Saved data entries
lemma positive_map_adj_matrix_unit:
  assumes lin: "lin_map n m \<Phi>" and pos: "\<And>X. psd n X \<Longrightarrow> psd m (\<Phi> X)" and jk: "j < n" "k < n"
  shows "adj (\<Phi> (matrix_unit n j k)) = \<Phi> (matrix_unit n k j)"
proof -
  let ?G = "\<lambda>u u'. \<Phi> (matrix_unit n u u')"
  have G: "?G u u' \<in> carrier_mat m m" for u u' by (rule lin_map_carrier[OF lin matrix_unit_carrier])
  then have G_dim: "dim_row (?G u u') = m" "dim_col (?G u u') = m" for u u' by auto
  show ?thesis
  proof (rule eq_matI)
    fix b b' assume "b < dim_row (?G k j)" "b' < dim_col (?G k j)"
    then have bb: "b < m" "b' < m" by (simp_all only: G_dim)
    define v where "v y u = (if u = j then 1 else 0) + (if u = k then y else 0)" for y :: complex and u
    define P where "P y = \<Phi> (mat n n (\<lambda>(u,u'). cnj (v y u) * v y u'))" for y
    have P: "P y $$ (x,x') = ?G j j $$ (x,x') + y * ?G j k $$ (x,x') + cnj y * ?G k j $$ (x,x')
        + cnj y * y * ?G k k $$ (x,x')" if "x < m" "x' < m" for x x' y
    proof -
      have "P y $$ (x,x') = (\<Sum>u<n. \<Sum>u'<n. cnj (v y u) * v y u' * ?G u u' $$ (x,x'))"
        unfolding P_def lin_map_expand[OF lin mat_carrier that] by (intro sum.cong refl) simp
      also have "\<dots> = (\<Sum>u<n. \<Sum>u'<n. cnj (v y u) * ?G u u' $$ (x,x') * v y u')"
        by (intro sum.cong refl) (simp only: mult_ac)
      finally show ?thesis
        by (simp only: quadratic_form_pair[OF jk v_def[of y]])
    qed
    have P_herm: "P y $$ (b,b') = cnj (P y $$ (b',b))" for y
    proof -
      have "P y \<in> carrier_mat m m" unfolding P_def by (rule lin_map_carrier[OF lin mat_carrier])
      then have "adj (P y) $$ (b,b') = cnj (P y $$ (b',b))" using bb by simp
      moreover have "adj (P y) = P y"
        unfolding P_def by (rule psd_adj[OF pos[OF psd_outer]])
      ultimately show ?thesis by simp
    qed
    have "?G k j $$ (b,b') = cnj (?G j k $$ (b',b))"
      by (rule polarization_cnj[OF P_herm[unfolded P[OF bb] P[OF bb(2,1)]]])
    then show "adj (?G j k) $$ (b,b') = ?G k j $$ (b,b')" using bb by (simp add: G_dim)
  qed (simp_all add: G_dim)
qed

lemma adj_jamiolkowski:
  assumes "channel n m \<Phi>"
  shows "adj (jamiolkowski n m \<Phi>) = jamiolkowski n m \<Phi>"
proof (rule mat_eq_block_sndI[where n = n and m = m])
  have lin: "lin_map n m \<Phi>" by (rule channel_lin_map[OF assms])
  have pos: "psd n X \<Longrightarrow> psd m (\<Phi> X)" for X using assms cp_map_psd unfolding channel_def by blast
  fix b b' assume bb: "b < m" "b' < m"
  show "block_snd n m b b' (adj (jamiolkowski n m \<Phi>)) = block_snd n m b b' (jamiolkowski n m \<Phi>)"
  proof (rule eq_matI)
    fix a a' assume "a < dim_row (block_snd n m b b' (jamiolkowski n m \<Phi>))"
      "a' < dim_col (block_snd n m b b' (jamiolkowski n m \<Phi>))"
    then have aa: "a < n" "a' < n" by simp_all
    have "adj (\<Phi> (matrix_unit n a a')) $$ (b,b') = \<Phi> (matrix_unit n a' a) $$ (b,b')"
      by (simp only: positive_map_adj_matrix_unit[OF lin pos aa])
    then show "block_snd n m b b' (adj (jamiolkowski n m \<Phi>)) $$ (a,a')
        = block_snd n m b b' (jamiolkowski n m \<Phi>) $$ (a,a')"
      using aa bb carrier_matD[OF lin_map_carrier[OF lin matrix_unit_carrier]]
      by (simp add: block_snd_adj block_snd_jamiolkowski)
  qed simp_all
qed (use adj_carrier[OF jamiolkowski_carrier] in auto)

section \<open>The map Theta\<close>

lemma Theta_dim [simp]: "dim_row (Theta c \<rho> M) = dim_row M" "dim_col (Theta c \<rho> M) = dim_col \<rho>"
  unfolding Theta_def anticommutator_def commutator_def by simp_all

lemma Theta_carrier [simp]: "\<rho> \<in> carrier_mat n n \<Longrightarrow> M \<in> carrier_mat n n \<Longrightarrow> Theta c \<rho> M \<in> carrier_mat n n"
  by (intro carrier_matI) auto

lemma index_Theta:
  assumes "\<rho> \<in> carrier_mat n n" "M \<in> carrier_mat n n" "i < n" "k < n"
  shows "Theta c \<rho> M $$ (i,k) = (1/2 + \<i> * c) * (\<Sum>t<n. \<rho> $$ (i,t) * M $$ (t,k))
                                 + (1/2 - \<i> * c) * (\<Sum>t<n. M $$ (i,t) * \<rho> $$ (t,k))"
  unfolding Theta_def anticommutator_def commutator_def
  using assms by (simp add: index_mult_mat_lessThan[of _ n n _ n] algebra_simps del: index_mult_mat(1))

lemma Theta_commute:
  assumes "\<rho> \<in> carrier_mat n n" "M \<in> carrier_mat n n" "\<rho> * M = M * \<rho>"
  shows "Theta c \<rho> M = \<rho> * M"
  unfolding Theta_def anticommutator_def commutator_def assms(3)[symmetric]
  using assms by (intro eq_matI) auto

lemma Theta_scalar:
  assumes "M \<in> carrier_mat n n"
  shows "Theta c (a \<cdot>\<^sub>m 1\<^sub>m n) M = a \<cdot>\<^sub>m M"
proof -
  have "(a \<cdot>\<^sub>m 1\<^sub>m n) * M = a \<cdot>\<^sub>m M" "M * (a \<cdot>\<^sub>m 1\<^sub>m n) = a \<cdot>\<^sub>m M"
    using mult_smult_assoc_mat[OF one_carrier_mat assms, of a]
      mult_smult_distrib[OF assms one_carrier_mat, of a] assms
    by simp_all
  then show ?thesis using assms Theta_commute[of "a \<cdot>\<^sub>m 1\<^sub>m n" n M] by simp
qed

lemma ctrace_Theta:
  assumes "\<rho> \<in> carrier_mat n n" "M \<in> carrier_mat n n"
  shows "ctrace (Theta c \<rho> M) = ctrace (\<rho> * M)"
proof -
  have "ctrace (Theta c \<rho> M) = (\<Sum>i<n. Theta c \<rho> M $$ (i,i))"
    using assms by (simp add: ctrace_def)
  also have "\<dots> = (1/2 + \<i> * c) * (\<Sum>i<n. \<Sum>t<n. \<rho> $$ (i,t) * M $$ (t,i))
                   + (1/2 - \<i> * c) * (\<Sum>i<n. \<Sum>t<n. M $$ (i,t) * \<rho> $$ (t,i))"
    using assms by (simp add: index_Theta sum.distrib sum_distrib_left)
  also have "\<dots> = (1/2 + \<i> * c) * ctrace (\<rho> * M) + (1/2 - \<i> * c) * ctrace (M * \<rho>)"
    by (simp only: ctrace_mult[OF assms] ctrace_mult[OF assms(2,1)])
  finally show ?thesis
    using ctrace_mult_comm[OF assms(2,1)] by (simp add: algebra_simps)
qed

lemma adj_Theta:
  assumes "\<rho> \<in> carrier_mat n n" "M \<in> carrier_mat n n" "adj \<rho> = \<rho>"
  shows "adj (Theta c \<rho> M) = Theta c \<rho> (adj M)"
proof (rule eq_matI)
  have herm: "cnj (\<rho> $$ (k,i)) = \<rho> $$ (i,k)" if "i < n" "k < n" for i k
    using arg_cong[OF assms(3), of "\<lambda>A. A $$ (i,k)"] assms(1) that by simp
  fix i k assume "i < dim_row (Theta c \<rho> (adj M))" "k < dim_col (Theta c \<rho> (adj M))"
  then have ik: "i < n" "k < n" using assms(1,2) by simp_all
  show "adj (Theta c \<rho> M) $$ (i,k) = Theta c \<rho> (adj M) $$ (i,k)"
    using assms(1,2) ik by (simp add: index_Theta cnj_sum herm algebra_simps)
qed (use assms(1,2) in simp_all)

▶ [Your task]: Output the lines above between the one holding "unfolding Theta_def anticommutator_def commutator_def by" and the one holding "using assms by (simp add: ctrace_def)", inclusive, with nothing before or after them.

▶ [Answer for this exercise]:
  unfolding Theta_def anticommutator_def commutator_def by simp_all

lemma Theta_carrier [simp]: "\<rho> \<in> carrier_mat n n \<Longrightarrow> M \<in> carrier_mat n n \<Longrightarrow> Theta c \<rho> M \<in> carrier_mat n n"
  by (intro carrier_matI) auto

lemma index_Theta:
  assumes "\<rho> \<in> carrier_mat n n" "M \<in> carrier_mat n n" "i < n" "k < n"
  shows "Theta c \<rho> M $$ (i,k) = (1/2 + \<i> * c) * (\<Sum>t<n. \<rho> $$ (i,t) * M $$ (t,k))
                                 + (1/2 - \<i> * c) * (\<Sum>t<n. M $$ (i,t) * \<rho> $$ (t,k))"
  unfolding Theta_def anticommutator_def commutator_def
  using assms by (simp add: index_mult_mat_lessThan[of _ n n _ n] algebra_simps del: index_mult_mat(1))

lemma Theta_commute:
  assumes "\<rho> \<in> carrier_mat n n" "M \<in> carrier_mat n n" "\<rho> * M = M * \<rho>"
  shows "Theta c \<rho> M = \<rho> * M"
  unfolding Theta_def anticommutator_def commutator_def assms(3)[symmetric]
  using assms by (intro eq_matI) auto

lemma Theta_scalar:
  assumes "M \<in> carrier_mat n n"
  shows "Theta c (a \<cdot>\<^sub>m 1\<^sub>m n) M = a \<cdot>\<^sub>m M"
proof -
  have "(a \<cdot>\<^sub>m 1\<^sub>m n) * M = a \<cdot>\<^sub>m M" "M * (a \<cdot>\<^sub>m 1\<^sub>m n) = a \<cdot>\<^sub>m M"
    using mult_smult_assoc_mat[OF one_carrier_mat assms, of a]
      mult_smult_distrib[OF assms one_carrier_mat, of a] assms
    by simp_all
  then show ?thesis using assms Theta_commute[of "a \<cdot>\<^sub>m 1\<^sub>m n" n M] by simp
qed

lemma ctrace_Theta:
  assumes "\<rho> \<in> carrier_mat n n" "M \<in> carrier_mat n n"
  shows "ctrace (Theta c \<rho> M) = ctrace (\<rho> * M)"
proof -
  have "ctrace (Theta c \<rho> M) = (\<Sum>i<n. Theta c \<rho> M $$ (i,i))"
    using assms by (simp add: ctrace_def)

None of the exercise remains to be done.